How To Come out over the phone.

You are free to come out in a way that feels right to you.Sending a text gives you complete control over what you say and eliminates the risk of getting tongue-tied or having to deal with someone else's immediate in-person reaction.It can give the person time to think through their feelings as well.If you choose to come out, you should be proud of yourself and the steps you are taking to own your sexual or gender identity.

Step 1: Accepting your sexual or gender identity requires time.

If you do not want to be labeled, you don't have to fit in with stereotypes.Think about who you want to be and what makes you happy.It is okay if you are still figuring it out.Over time, your understanding of your sexual or gender identity may continue to grow.You don't have to have all the answers.It is different for everyone, so don't compare yourself with others.

Step 2: You can come out on your own terms.

It is not necessary for you to come out to everyone at the same time.Don't let anyone else pressure you into sharing your news before you make a decision.Coming out can be freeing, but can also be a lot of work.

Step 3: You can get support from other individuals.

Hearing other people's stories can make you feel less alone.In your coming-out text, you may get some ideas of what you want to say.If there isn't anyone in your life, there are tons of stories you can read and watch online.

Step 4: Pick a person who is trustworthy and supportive.

It's up to you whether you do it in person or through text.Someone can be a friend, teacher, counselor, sibling, aunt, or anyone you feel safe with.Once you decide to share your news more broadly, sharing it with just one person will give you some extra support.Say something like, "I have something I want to share because I'm planning on telling my family soon."I am bi.I can use your support.

Step 5: Coming out over text has pros and cons.

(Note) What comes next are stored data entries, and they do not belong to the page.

lemma cycle_from_walk_and_closing_edge:
  assumes w: "walk E ends vs es" and V: "set vs \<subseteq> V"
    and e: "e \<in> E" "e \<notin> set es" "joins ends e (last vs) (hd vs)"
  shows "\<exists>cs fs. is_cycle V E ends cs fs \<and> length cs \<le> Suc (length es)"
proof -
  obtain ps qs where P: "walk E ends ps qs" "distinct ps" "hd ps = hd vs"
    "last ps = last vs" "set ps \<subseteq> set vs" "set qs \<subseteq> set es" "length qs \<le> length es"
    using walk_shortcut_to_path[OF w] by blast
  have len: "length ps = Suc (length qs)" and "set qs \<subseteq> E"
    and J: "\<forall>i<length qs. joins ends (qs ! i) (ps ! i) (ps ! Suc i)"
    using P(1) by (auto simp: walk_conv_nth)
  have "is_cycle V E ends ps (qs @ [e])"
    unfolding is_cycle_def
  proof (intro conjI allI impI)
    show "distinct (qs @ [e])" using walk_distinct_edges[OF P(1,2)] P(6) e(2) by auto
    fix i assume i: "i < length ps"
    show "joins ends ((qs @ [e]) ! i) (ps ! i) (ps ! ((i + 1) mod length ps))"
    proof (cases "i < length qs")
      case True
      then show ?thesis using J len by (simp add: nth_append)
    next
      case False
      have "ps \<noteq> []" using len by auto
      then have "last ps = ps ! length qs" "hd ps = ps ! 0"
        using len by (simp_all add: last_conv_nth hd_conv_nth)
      moreover have "i = length qs" using False i len by simp
      ultimately show ?thesis using e(3) P(3,4) len by (simp add: nth_append)
    qed
  qed (use len P \<open>set qs \<subseteq> E\<close> e V in auto)
  then show ?thesis using len P(7) by auto
qed

lemma cycle_from_closed_walk:
  assumes "multigraph V E ends" "walk E ends vs (e # es)" "e \<notin> set es" "hd vs = last vs"
  shows "\<exists>cs fs. is_cycle V E ends cs fs \<and> length cs \<le> Suc (length es)"
proof -
  obtain u ws where vs: "vs = u # ws" and w: "walk E ends ws es" and "e \<in> E"
    and "joins ends e u (hd ws)"
    using assms(2) by (cases vs rule: remdups_adj.cases) auto
  moreover have "set ws \<subseteq> V" using walk_set_subset[OF assms(1,2)] vs by auto
  moreover have "last ws = u" using assms(4) vs walk_nonempty[OF w] by simp
  ultimately show ?thesis
    using cycle_from_walk_and_closing_edge assms(3) by metis
qed

section \<open>Cycles\<close>

lemma loop_is_cycle: "e \<in> E \<Longrightarrow> v \<in> V \<Longrightarrow> ends e = (v, v) \<Longrightarrow> is_cycle V E ends [v] [e]"
  by (simp add: is_cycle_def joins_def)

There is no right or wrong way to come out.Sending a text gives you control over what you say and can alleviate some anxiety about seeing a person's response.The person you tell will most likely want to meet up or call you, and eventually you will have to be prepared to see them in person.Don't be pressured into coming out in a way you're not comfortable with.Regardless of how it is done, choosing to come out is something you should be proud of.

Step 6: Consider who you want to share this information with.

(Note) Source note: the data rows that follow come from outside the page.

theorem lemma1:
  fixes C T :: real
  assumes "T > 0"
  shows
   "(\<exists>c>0. \<exists>v::nat. v > 0 \<and>
      (\<forall>a. GMc1 C a \<longrightarrow>
        (\<forall>m n. 1 \<le> m \<longrightarrow> 1 \<le> n \<longrightarrow> Amax a (m-1) (n-1) \<le> T * Amax a m n \<longrightarrow> 0 < Amax a m n \<longrightarrow>
          (\<exists>s1 t1. rect_in_Q s1 t1 (2 powr (real m - real v)) (2 powr (real n - real v)) (m-1) (n-1)
             \<and> norm (rect_sum a s1 t1 (2 powr (real m - real v)) (2 powr (real n - real v)))
                 > c * 2^(m+n) * Amax a m n))))
    \<and>
    (\<exists>c>0. \<exists>v::nat. v > 0 \<and>
      (\<forall>a. GMc2 C a \<longrightarrow>
        (\<forall>m n. 1 \<le> n \<longrightarrow> Amax a (m+1) (n-1) \<le> T * Amax a m n \<longrightarrow> 0 < Amax a m n \<longrightarrow>
          (\<exists>s1 t1. rect_in_Q s1 t1 (2 powr (real m - real v)) (2 powr (real n - real v)) (m+1) (n-1)
             \<and> norm (rect_sum a s1 t1 (2 powr (real m - real v)) (2 powr (real n - real v)))
                 > c * 2^(m+n) * Amax a m n))))"
proof -
  let ?C = "max C 0"
  obtain v :: nat where v: "2 \<le> v" "16 * ?C * T * (1 + 2 * ?C)^2 \<le> 2^v"
  proof -
    obtain v0 :: nat where "16 * ?C * T * (1 + 2 * ?C)^2 < 2^v0"
      using real_arch_pow[of 2] by auto
    moreover have "(2::real)^v0 \<le> 2^(v0 + 2)"
      by (rule power_increasing) auto
    ultimately show thesis
      by (intro that[of "v0 + 2"]) linarith+
  qed
  have "16 * ?C * T * (1 + ?C)^2 \<le> 16 * ?C * T * (1 + 2 * ?C)^2"
    using \<open>T > 0\<close> by (intro mult_left_mono power_mono) auto
  then have v1: "16 * ?C * T * (1 + ?C)^2 \<le> 2^v"
    using v(2) by linarith
  show ?thesis
    using GMc1_exists_rectangle_sum_gt[OF _ _ _ _ _ _ v(1) v1] GMc2_exists_rectangle_sum_gt[OF _ _ _ _ _ v]
      \<open>T > 0\<close> v(1)
    by (intro conjI[OF exI[of _ "1 / (4 * 4^v * (1 + ?C)^2)"] exI[of _ "1 / (4 * 4^v * (1 + 2 * ?C)^2)"]]
        conjI exI[of _ v]) auto
qed

end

You can either send a group text to your friends, or you can send individual texts.Think about who is most important in your life and who you care about the most.Think about how your friends and family treat other people.Hopefully they will be the same way toward you if they are open minded.If your friends and family aren't accepting of LGBTQIA+, consider that their responses may be disappointing.It is possible to be prepared emotionally if you come out.

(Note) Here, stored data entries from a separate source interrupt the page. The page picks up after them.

lemma norm_diff_less_if_cos_less_inner:
  fixes u y :: "'a::real_inner"
  assumes "norm u = 1" "norm y = 1" "cos \<epsilon> < u \<bullet> y" "\<epsilon> > 0"
  shows "norm (u - y) < \<epsilon>"
proof -
  have "(norm (u - y))\<^sup>2 = 2 - 2 * (u \<bullet> y)"
    using assms norm_eq_1[of u] norm_eq_1[of y]
    by (simp add: power2_norm_eq_inner inner_diff_left inner_diff_right inner_commute)
  also have "\<dots> < 2 - 2 * cos \<epsilon>" using assms by simp
  also have "\<dots> = 4 * (sin (\<epsilon> / 2))\<^sup>2"
    using cos_double_sin[of "\<epsilon> / 2"] by simp
  also have "\<dots> \<le> \<epsilon>\<^sup>2"
  proof -
    have "2 * \<bar>sin (\<epsilon> / 2)\<bar> \<le> \<bar>\<epsilon>\<bar>" using abs_sin_x_le_abs_x[of "\<epsilon> / 2"] by simp
    then have "(2 * \<bar>sin (\<epsilon> / 2)\<bar>)\<^sup>2 \<le> \<bar>\<epsilon>\<bar>\<^sup>2" by (rule power_mono) simp
    then show ?thesis by (simp add: power_mult_distrib)
  qed
  finally show ?thesis
    using \<open>\<epsilon> > 0\<close> by (simp add: power_less_imp_less_base)
qed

Step 7: Before you send the text, write a draft of what you want to say.

It's a good idea to say your coming-out text exactly how you want.Because it is a text, try to keep it to 4-5 sentences, otherwise, some of what you are trying to communicate might get lost.Let the person know that you love them.You are sharing this news because you care about them.You need to include the words "I'm gay," or something similar.If they have questions, ask them.Don't feel like you have to apologize for who you are or how you came out.

Step 8: A clear, positive, and understanding tone is what you should use.

It can be difficult to come out, but try to write with confidence.You don't have to apologize for taking the time you did before coming out.Try texting "I have something I've been wanting to share with you for a long time."I am gay.I have known this for a long time and I am learning to love myself.I want you to be a part of my life.I wanted to give you some time to absorb it.I am a lesbian.I wanted to tell you for a while, but couldn't find the right time.I want to be honest with you, you are a big part of my life.I would be happy to answer any questions or get together to talk more.I hope you will support me.I am aware that you might have some questions.I would like to know your thoughts when you are ready.

Step 9: Send the text at the right time.

It's not the best time to send a message in the middle of the day.In the evening or on the weekend is the best time for someone to read and respond to what you wrote.Don't put it off because you're unsure of what the person is doing at that moment, it's impossible to pick a perfect timeYou can always text the person and say something like, "Hey, do you have a minute to talk about something?" and then send a follow-up text with your news.

Step 10: Give your friends and family time to digest the news.

Hopefully, they will respond quickly in a positive way.Their surprise doesn't have to mean they disapprove.It took you a long time to understand yourself.They might have questions for you.They will want to see you or at least talk about something.

Step 11: You will see them in person for the first time after the text.

The first time you see each other, it may feel a little awkward.If it feels right, hug them or find a way to break the ice.If you want, you can reference the text or focus on something else.Say something like, "I'm glad I shared my news with you" if you want to talk about your coming-out text.If you don't want to talk about it, have another topic ready to go.